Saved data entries
☆ ☆ ☆ ☆

lemma reflect_image_reflect_image: "S \<subseteq> {1..N} \<Longrightarrow> (\<lambda>i. Suc N - i) ` (\<lambda>i. Suc N - i) ` S = S"
proof -
  assume S: "S \<subseteq> {1..N}"
  have "Suc N - (Suc N - i) = i" if "i \<in> S" for i using S that by auto
  then show ?thesis by (simp add: image_image)
qed

lemma reflect_image_mem_subsets:
  assumes "S \<in> {S. S \<subseteq> {1..N} \<and> card S = r}"
  shows "(\<lambda>i. Suc N - i) ` S \<in> {S. S \<subseteq> {1..N} \<and> card S = r}"
proof -
  have S: "S \<subseteq> {1..N}" using assms by simp
  have "card ((\<lambda>i. Suc N - i) ` S) = card S"
    using inj_on_subset[OF inj_on_reflect S] by (rule card_image)
  then show ?thesis using assms reflect_image_subset[OF S] by simp
qed

lemma sorted_list_of_set_reflect:
  assumes "S \<subseteq> {1..N}"
  shows "sorted_list_of_set ((\<lambda>i. Suc N - i) ` S) = rev (map (\<lambda>i. Suc N - i) (sorted_list_of_set S))"
proof -
  have fin: "finite S" using assms finite_subset by blast
  have inj: "inj_on (\<lambda>i. Suc N - i) S"
    using inj_on_reflect assms by (rule inj_on_subset)
  have "sorted_wrt (\<lambda>x y. Suc N - y < Suc N - x) (sorted_list_of_set S)"
  proof (rule sorted_wrt_mono_rel[OF _ strict_sorted_list_of_set])
    fix x y assume "y \<in> set (sorted_list_of_set S)" "x < y"
    then show "Suc N - y < Suc N - x" using assms fin by auto
  qed
  then show ?thesis
    using fin inj by (intro sorted_list_of_set_unique[THEN iffD1])
      (simp_all add: sorted_wrt_rev sorted_wrt_map card_image)
qed

lemma op_reverse_op_e: "op_reverse N (op_e N r) = op_e N r"
proof -
  let ?f = "\<lambda>i. Suc N - i"
  have "op_reverse N (op_e N r) =
      (\<Sum>S\<in>{S. S \<subseteq> {1..N} \<and> card S = r}. opprod N (map opvar (sorted_list_of_set (?f ` S))))"
    unfolding op_e_def op_reverse_sum
  proof (intro sum.cong refl)
    fix S assume "S \<in> {S. S \<subseteq> {1..N} \<and> card S = r}"
    then have S: "S \<subseteq> {1..N}" and "finite S" using finite_subset by auto
    then show "op_reverse N (opprod N (map opvar (sorted_list_of_set S))) =
        opprod N (map opvar (sorted_list_of_set (?f ` S)))"
      by (simp add: op_reverse_opprod_opvar sorted_list_of_set_reflect)
  qed
  also have "\<dots> = op_e N r"
    unfolding op_e_def
    by (rule sum.reindex_bij_witness[where i="image ?f" and j="image ?f"])
      (metis (no_types, lifting) mem_Collect_eq reflect_image_reflect_image reflect_image_mem_subsets)+
  finally show ?thesis .
qed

☆ ☆ ☆ ☆

Required action >> Leaving nothing out, print each line above exactly.

Expected answer >>
lemma reflect_image_reflect_image: "S \<subseteq> {1..N} \<Longrightarrow> (\<lambda>i. Suc N - i) ` (\<lambda>i. Suc N - i) ` S = S"
proof -
  assume S: "S \<subseteq> {1..N}"
  have "Suc N - (Suc N - i) = i" if "i \<in> S" for i using S that by auto
  then show ?thesis by (simp add: image_image)
qed

lemma reflect_image_mem_subsets:
  assumes "S \<in> {S. S \<subseteq> {1..N} \<and> card S = r}"
  shows "(\<lambda>i. Suc N - i) ` S \<in> {S. S \<subseteq> {1..N} \<and> card S = r}"
proof -
  have S: "S \<subseteq> {1..N}" using assms by simp
  have "card ((\<lambda>i. Suc N - i) ` S) = card S"
    using inj_on_subset[OF inj_on_reflect S] by (rule card_image)
  then show ?thesis using assms reflect_image_subset[OF S] by simp
qed

lemma sorted_list_of_set_reflect:
  assumes "S \<subseteq> {1..N}"
  shows "sorted_list_of_set ((\<lambda>i. Suc N - i) ` S) = rev (map (\<lambda>i. Suc N - i) (sorted_list_of_set S))"
proof -
  have fin: "finite S" using assms finite_subset by blast
  have inj: "inj_on (\<lambda>i. Suc N - i) S"
    using inj_on_reflect assms by (rule inj_on_subset)
  have "sorted_wrt (\<lambda>x y. Suc N - y < Suc N - x) (sorted_list_of_set S)"
  proof (rule sorted_wrt_mono_rel[OF _ strict_sorted_list_of_set])
    fix x y assume "y \<in> set (sorted_list_of_set S)" "x < y"
    then show "Suc N - y < Suc N - x" using assms fin by auto
  qed
  then show ?thesis
    using fin inj by (intro sorted_list_of_set_unique[THEN iffD1])
      (simp_all add: sorted_wrt_rev sorted_wrt_map card_image)
qed

lemma op_reverse_op_e: "op_reverse N (op_e N r) = op_e N r"
proof -
  let ?f = "\<lambda>i. Suc N - i"
  have "op_reverse N (op_e N r) =
      (\<Sum>S\<in>{S. S \<subseteq> {1..N} \<and> card S = r}. opprod N (map opvar (sorted_list_of_set (?f ` S))))"
    unfolding op_e_def op_reverse_sum
  proof (intro sum.cong refl)
    fix S assume "S \<in> {S. S \<subseteq> {1..N} \<and> card S = r}"
    then have S: "S \<subseteq> {1..N}" and "finite S" using finite_subset by auto
    then show "op_reverse N (opprod N (map opvar (sorted_list_of_set S))) =
        opprod N (map opvar (sorted_list_of_set (?f ` S)))"
      by (simp add: op_reverse_opprod_opvar sorted_list_of_set_reflect)
  qed
  also have "\<dots> = op_e N r"
    unfolding op_e_def
    by (rule sum.reindex_bij_witness[where i="image ?f" and j="image ?f"])
      (metis (no_types, lifting) mem_Collect_eq reflect_image_reflect_image reflect_image_mem_subsets)+
  finally show ?thesis .
qed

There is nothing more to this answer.